16歳で結婚し、大学には行かなかった。17歳で子供が生まれた後、働くことが必要になった。1975年に友人の助けで、アラスカ州の小さな銀行で住宅ローンの手続きを処理する仕事を見つけた。その後の30年間で、元カントリーガールはインディアナ、ミネソタ、ミズーリ各州を移動しながら、住宅金融業界で出世の階段を上っていった。ブルームバーグ・マーケッツ誌7月号が報じた。
休日に夫のジョナサンさんと釣りに行かない日は、「ワイルド・ウエスト」ショーで愛馬コディーを乗り回す。時には、「アニーよ銃を取れ」のアニー・オークリーの衣装を着てライフルを撃って見せる。
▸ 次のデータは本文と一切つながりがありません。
lemma ex_split_card_image_less_iff:
  assumes "finite S"
  shows "(\<exists>S1 S2. S = S1 \<union> S2 \<and> card (f ` S1) < n \<and> (\<forall>p\<in>S2. f p \<notin> K)) \<longleftrightarrow> card (f ` S \<inter> K) < n"
proof
  assume "\<exists>S1 S2. S = S1 \<union> S2 \<and> card (f ` S1) < n \<and> (\<forall>p\<in>S2. f p \<notin> K)"
  then obtain S1 S2 where S: "S = S1 \<union> S2" "card (f ` S1) < n" "\<forall>p\<in>S2. f p \<notin> K"
    by blast
  then have "f ` S \<inter> K \<subseteq> f ` S1"
    by blast
  moreover have "finite (f ` S1)"
    using assms S(1) by simp
  ultimately show "card (f ` S \<inter> K) < n"
    using S(2) card_mono by (blast intro: le_less_trans)
next
  assume "card (f ` S \<inter> K) < n"
  moreover have "f ` {p\<in>S. f p \<in> K} = f ` S \<inter> K"
    by auto
  moreover have "S = {p\<in>S. f p \<in> K} \<union> {p\<in>S. f p \<notin> K}"
    by blast
  ultimately show "\<exists>S1 S2. S = S1 \<union> S2 \<and> card (f ` S1) < n \<and> (\<forall>p\<in>S2. f p \<notin> K)"
    by (metis (mono_tags, lifting) mem_Collect_eq)
qed

lemma card_Int_less_iff_not_subset:
  assumes "finite K"
  shows "card (A \<inter> K) < card K \<longleftrightarrow> \<not> K \<subseteq> A"
proof
  assume "card (A \<inter> K) < card K"
  then show "\<not> K \<subseteq> A"
    by (metis Int_absorb1 inf_commute less_irrefl)
next
  assume "\<not> K \<subseteq> A"
  then have "A \<inter> K \<subset> K"
    by blast
  then show "card (A \<inter> K) < card K"
    using assms by (rule psubset_card_mono[rotated])
qed

lemma PiE_common_extension:
  assumes "P \<subseteq> D" "Q \<subseteq> D" "\<forall>X\<in>D. Ran X \<noteq> {}"
    and p: "p \<in> PiE P Ran" and q: "q \<in> PiE Q Ran" and "\<forall>X\<in>P \<inter> Q. p X = q X"
  shows "\<exists>w\<in>PiE D Ran. restrict w P = p \<and> restrict w Q = q"
proof -
  define w where "w X = (if X \<in> P then p X else if X \<in> Q then q X
      else if X \<in> D then (SOME x. x \<in> Ran X) else undefined)" for X
  have "w \<in> PiE D Ran"
  proof (rule PiE_I)
    fix X assume "X \<in> D"
    then show "w X \<in> Ran X"
      using assms(3) PiE_mem[OF p] PiE_mem[OF q] by (simp add: w_def some_in_eq)
  next
    fix X assume "X \<notin> D"
    then show "w X = undefined"
      using assms(1,2) by (auto simp: w_def)
  qed
  moreover have "restrict w P = p" "restrict w Q = q"
    using assms(6) PiE_arb[OF p] PiE_arb[OF q] by (auto simp: w_def restrict_def)
  ultimately show ?thesis
    by blast
qed

lemma assignments_eq_iff:
  "s \<in> assignments Dom Ran \<Longrightarrow> t \<in> assignments Dom Ran \<Longrightarrow> s = t \<longleftrightarrow> (\<forall>V\<in>Dom. s V = t V)"
  unfolding assignments_def using PiE_ext by blast

lemma consistent_ante: "consistent (ante W w)"
  unfolding consistent_def ante_def by auto

definition response :: "('v \<Rightarrow> 'a) \<times> ('v, 'a) sys \<Rightarrow> 'v \<Rightarrow> ('v \<Rightarrow> 'a) \<Rightarrow> 'a" where
  "response p V w = (if V \<in> en (snd p) then fn (snd p) V (restrict w (pa (snd p) V)) else fst p V)"

text \<open>Constant mechanisms are read as exogenous; this is the behaviour that \<open>sim\<close> compares.\<close>
definition reduced_response :: "('v \<Rightarrow> 'a set) \<Rightarrow> ('v \<Rightarrow> 'a) \<times> ('v, 'a) sys \<Rightarrow> 'v \<Rightarrow> ('v \<Rightarrow> 'a) \<Rightarrow> 'a" where
  "reduced_response Ran p V w =
     (if V \<in> en (snd p) - Cn Ran (snd p) then fn (snd p) V (restrict w (pa (snd p) V)) else fst p V)"

locale sigma =
  fixes Dom :: "'v set" and Ran :: "'v \<Rightarrow> 'a set"
  assumes signature: "signature Dom Ran"
begin

lemma finite_Dom: "finite Dom"
  and finite_Ran: "X \<in> Dom \<Longrightarrow> finite (Ran X)"
  and Ran_nonempty: "X \<in> Dom \<Longrightarrow> Ran X \<noteq> {}"
  using signature by (auto simp: signature_def)

lemma finite_PiE_Ran: "W \<subseteq> Dom \<Longrightarrow> finite (PiE W Ran)"
  using finite_Dom finite_Ran by (intro finite_PiE) (auto intro: finite_subset)

lemma finite_assignments: "finite (assignments Dom Ran)"
  unfolding assignments_def by (rule finite_PiE_Ran) simp

lemma finite_wf_sys: "finite {F. wf_sys Dom Ran F}"
proof -
  define Fns where "Fns = insert (\<lambda>_. undefined) (\<Union>P\<in>Pow Dom. \<Union>V\<in>Dom. PiE (PiE P Ran) (\<lambda>_. Ran V))"
  define PAs where "PAs = {p. \<forall>V. (V \<in> Dom \<longrightarrow> p V \<in> Pow Dom) \<and> (V \<notin> Dom \<longrightarrow> p V = {})}"
  define FNs where "FNs = {f. \<forall>V. (V \<in> Dom \<longrightarrow> f V \<in> Fns) \<and> (V \<notin> Dom \<longrightarrow> f V = (\<lambda>_. undefined))}"
  have "finite Fns"
    unfolding Fns_def using finite_Dom finite_Ran
    by (auto intro!: finite_PiE finite_PiE_Ran)
  then have "finite (Pow Dom \<times> PAs \<times> FNs)"
    unfolding PAs_def FNs_def using finite_Dom by (intro finite_SigmaI finite_set_of_finite_funs) auto
  moreover have "{F. wf_sys Dom Ran F} \<subseteq> (\<lambda>(e, p, f). \<lparr>en = e, pa = p, fn = f\<rparr>) ` (Pow Dom \<times> PAs \<times> FNs)"
  proof
    fix F assume "F \<in> {F. wf_sys Dom Ran F}"
    then have F: "wf_sys Dom Ran F"
      by simp
    have "en F \<in> Pow Dom"
      using F by (simp add: wf_sys_def)
    moreover have "pa F \<in> PAs"
      using F unfolding PAs_def wf_sys_def by auto
    moreover have "fn F V \<in> Fns" if "V \<in> Dom" for V
    proof (cases "V \<in> en F")
      case True
      then have "pa F V \<in> Pow Dom" "fn F V \<in> PiE (PiE (pa F V) Ran) (\<lambda>_. Ran V)"
        using F by (auto simp: wf_sys_def)
      then show ?thesis
        using that unfolding Fns_def by blast
    qed (use F in \<open>simp add: Fns_def wf_sys_def\<close>)
    then have "fn F \<in> FNs"
      using F unfolding FNs_def wf_sys_def by auto
    ultimately have "(en F, pa F, fn F) \<in> Pow Dom \<times> PAs \<times> FNs"
      by simp
    then show "F \<in> (\<lambda>(e, p, f). \<lparr>en = e, pa = p, fn = f\<rparr>) ` (Pow Dom \<times> PAs \<times> FNs)"
      by (rule rev_image_eqI) simp
  qed
  ultimately show ?thesis
    by (rule finite_surj)
qed

lemma gen_team_finite: "gen_team Dom Ran S \<Longrightarrow> finite S"
proof -
  assume "gen_team Dom Ran S"
  then have "S \<subseteq> assignments Dom Ran \<times> {F. wf_sys Dom Ran F}"
    unfolding gen_team_def compatible_def by auto
  then show "finite S"
    using finite_assignments finite_wf_sys by (rule finite_subset[OF _ finite_SigmaI])
qed

lemma set_ante_all_but: "set (ante (Dom - {V}) w) = (\<lambda>X. (X, w X)) ` (Dom - {V})"
  using set_lst[of "Dom - {V}"] finite_Dom by (simp add: ante_def)

lemma do_asg_ante_all_but:
  assumes F: "wf_sys Dom Ran F" and "V \<in> Dom"
  shows "do_asg F (ante (Dom - {V}) w) s =
    (\<lambda>X. if X \<in> Dom - {V} then w X else if X = V then response (s, F) V w else s X)"
    (is "_ = ?t")
proof -
  have en: "en F \<subseteq> Dom" and pa: "V \<in> en F \<Longrightarrow> pa F V \<subseteq> Dom - {V}"
    using F by (auto simp: wf_sys_def)
  have restrict_pa: "restrict t (pa F V) = restrict w (pa F V)"
    if "V \<in> en F" "\<forall>X\<in>Dom - {V}. t X = w X" for t
    using pa[OF that(1)] that(2) unfolding restrict_def by (intro ext) auto
  have fst_ante: "fst ` set (ante (Dom - {V}) w) = Dom - {V}"
    unfolding set_ante_all_but by force
  have t_agrees: "\<forall>X\<in>Dom - {V}. ?t X = w X"
    by simp
  show ?thesis
    unfolding do_asg_def fst_ante
  proof (rule the_equality, intro conjI)
    show "\<forall>(X, x)\<in>set (ante (Dom - {V}) w). ?t X = x"
      by (auto simp: set_ante_all_but)
    show "\<forall>U. U \<notin> en F \<and> U \<notin> Dom - {V} \<longrightarrow> ?t U = s U"
      by (auto simp: response_def)
    show "\<forall>U\<in>en F - (Dom - {V}). ?t U = fn F U (restrict ?t (pa F U))"
      using en restrict_pa[OF _ t_agrees] by (auto simp: response_def)
  next
    fix t assume t: "(\<forall>(X, x)\<in>set (ante (Dom - {V}) w). t X = x) \<and>
        (\<forall>U. U \<notin> en F \<and> U \<notin> Dom - {V} \<longrightarrow> t U = s U) \<and>
        (\<forall>U\<in>en F - (Dom - {V}). t U = fn F U (restrict t (pa F U)))"
    then have t_w: "\<forall>X\<in>Dom - {V}. t X = w X"
      by (auto simp: set_ante_all_but)
    show "t = ?t"
    proof
      fix X
      show "t X = ?t X"
        using t t_w en restrict_pa[OF _ t_w] \<open>V \<in> Dom\<close>
        by (cases "X = V"; cases "V \<in> en F") (auto simp: response_def)
    qed
  qed
qed

lemma fst_intervention_all_but:
  assumes "gen_team Dom Ran S" "p \<in> S" "V \<in> Dom"
  shows "fst ((\<lambda>(s, F). (do_asg F (ante (Dom - {V}) w) s, do_sys F (ante (Dom - {V}) w))) p) V = response p V w"
  using gen_teamD[OF assms(1,2)] assms(3) by (simp add: case_prod_beta do_asg_ante_all_but)

lemma sat_g_Cf_all_but_Eq:
  assumes "gen_team Dom Ran S" and "V \<in> Dom"
  shows "sat_g S (Cf (ante (Dom - {V}) w) (Eq V x)) \<longleftrightarrow> (\<forall>p\<in>S. response p V w = x)"
  using fst_intervention_all_but[OF assms(1) _ assms(2)] by (simp add: consistent_ante case_prod_beta)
夫妻はミネソタ州ワイルド・ウエスト・ソサイエティのメンバーとして、19世紀の西部開拓時代を見せるショーに出演していた。
ハント氏(55)は人々が家を買うのを助ける住宅ローンの仕事が好きだった。同氏は2004年11月に、住宅ローン部門のバイスプレジデントとして米銀シティグループに入行。素晴らしい転職のように思われた。住宅市場はブームに沸き、当時米国6位の銀行だったシティは住宅ローン市場の3.5%を握っていた。ハント氏はミズーリ州の大都市セントルイスから45分ほどのオファロンにあるシティモーゲージの広い本社で住宅ローンのアンダーライターという職務の65人を監督した。
ローン査定
同氏のチームの仕事はシティグループを詐欺や投資の失敗から守ることだった。同氏は同僚と共に、シティが外部のブローカーや金融業者から買い取ろうとする住宅ローン債権を査定、シティの基準を満たしているかどうかをチェックした。きちんとした署名入りの書類と借り手の所得証明、現実的な物件評価が求められていた。
シティはこれらのローンを投資家に販売したり、政府の住宅ローン保証の対象として承認したりする時に、それらローンの信用の質を保証する。
住宅ローンを裏付けとした証券の需要は極めて強く、シティは処理が追いつかないほどだった。シティの承認のスタンプは、借り手が返済に行き詰まった場合シティが肩代わりすることを意味した。
オファロンの住宅ローン加工工場の組み立てラインでハント氏は、のちに破裂して世界を揺るがす住宅ローンバブルを膨らます仕事に携わった。この工場の機械は全てのローンをきちんと査定するのが無理なほどのスピードで動いていたと、ハント氏は振り返った。
幹部の隠蔽
06年になるとシティは細工した税申告書やいんちきな査定、署名のない文書などの不備のある住宅ローンを外部から買い取りつつあった。このような問題を発見するのがハント氏の仕事だったし、同氏は実際に発見し、定期的に上司に報告していた。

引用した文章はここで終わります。